— Ещё как понимаю, — ощерился Стоян, автоматически хватаясь за рукоять висящего на поясе кинжала. — И поверь, Ерофей, сыщу затейника — мало ему не покажется. Ой, не покажется.
И почему-то, глядя на разъярённого полусотника, его словам хотелось верить. И сыщет, и накажет, да так, что недоброжелатель, затеявший эту возню, будет жалеть о сделанном всё то недолгое время, что у него останется до смерти.
Радим прибежал на подворье полусотника, едва мы со Стояном и его женой закончили обедать… прямо в спальне. Просвещать о том, что Хлябя встал на ноги, Неонила не стала даже челядь и домочадцев, а потому и приготовлением еды для нас, и даже доставкой её в спальню занималась сама, не привлекая к этому делу никого из домашних, до сих пор мечущихся по двору и готовящихся к тризне и поминальной трапезе по хозяину дома, к вечеру, по их мнению, должному уже отойти в мир иной.
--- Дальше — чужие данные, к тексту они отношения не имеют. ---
lemma homeomorphic_maps_lift_base:
  "homeomorphic_maps (ext_topology R W) (ideal_topology Sq) lift_ideal base_ideal"
  unfolding homeomorphic_maps_def
proof (intro conjI ballI)
  show "continuous_map (ext_topology R W) (ideal_topology Sq) lift_ideal"
    unfolding ideal_topology_def
  proof (rule continuous_on_generated_topo)
    fix U
    assume "U \<in> range (bopen Sq)"
    then obtain m where "U = bopen Sq m"
      by blast
    then have "lift_ideal -` U \<inter> topspace (ext_topology R W) = (\<Union>k\<in>{k. lift_cover Rt Wt m k}. ext_basic R W k)"
      using lift_preimage_bopen by blast
    then show "openin (ext_topology R W) (lift_ideal -` U \<inter> topspace (ext_topology R W))"
      using openin_ext_basic by auto
  next
    show "lift_ideal ` topspace (ext_topology R W) \<subseteq> \<Union> (range (bopen Sq))"
      using lift_ideal_is_ideal topspace_ideal_topology[of Sq]
      unfolding topspace_ext_topology ideal_topology_def Ideals_def by auto
  qed
next
  show "continuous_map (ideal_topology Sq) (ext_topology R W) base_ideal"
    unfolding ext_topology_def
  proof (rule continuous_on_generated_topo)
    fix U
    assume "U \<in> range (bopen R) \<union> range (coce_closed R W)"
    then obtain k where "U = ext_basic R W k"
      using bopen_eq_ext_basic coce_closed_eq_ext_basic by blast
    then have "base_ideal -` U \<inter> topspace (ideal_topology Sq) = (\<Union>x\<in>{x. base_cover Rt Wt k x}. bopen Sq x)"
      using base_preimage_ext_basic by blast
    then show "openin (ideal_topology Sq) (base_ideal -` U \<inter> topspace (ideal_topology Sq))"
      unfolding ideal_topology_def by (auto intro: topology_generated_by_Basis)
  next
    show "base_ideal ` topspace (ideal_topology Sq) \<subseteq> \<Union> (range (bopen R) \<union> range (coce_closed R W))"
      using base_ideal_is_ideal topspace_ext_topology[of R W]
      unfolding topspace_ideal_topology ext_topology_def Ideals_def by auto
  qed
next
  show "base_ideal (lift_ideal I) = I" if "I \<in> topspace (ext_topology R W)" for I
    using that base_lift_ideal unfolding topspace_ext_topology Ideals_def by blast
  show "lift_ideal (base_ideal J) = J" if "J \<in> topspace (ideal_topology Sq)" for J
    using that lift_base_ideal unfolding topspace_ideal_topology Ideals_def by blast
qed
Ну… и пусть их. Как сказал сам Стоян, «поминальная трапеза отличается от праздничного пира лишь поводом. Так что, мол, пусть готовятся, тем веселее выйдет пир!»
Честно говоря, почувствовав радость парнишки от нашей встречи, мне стало как-то не по себе. Ну, не считал я себя достойным таких искренних эмоций! В конце концов, кто я ему⁈ А вот подишь ты, увидев меня, Радим засиял так, что мне стало просто неудобно.
Выслушав рассказ и просьбу-приказ полусотника, мальчишка на миг замялся, а когда Стоян это заметил, и вовсе сник.
— Ну, что не так? Говори уже, — вздохнул Хлябя.
— Так ведь, первый-то слух, ну… — Радим бросил в мою сторону умоляющий взгляд и… дошло! Я хлопнул себя ладонью по лбу.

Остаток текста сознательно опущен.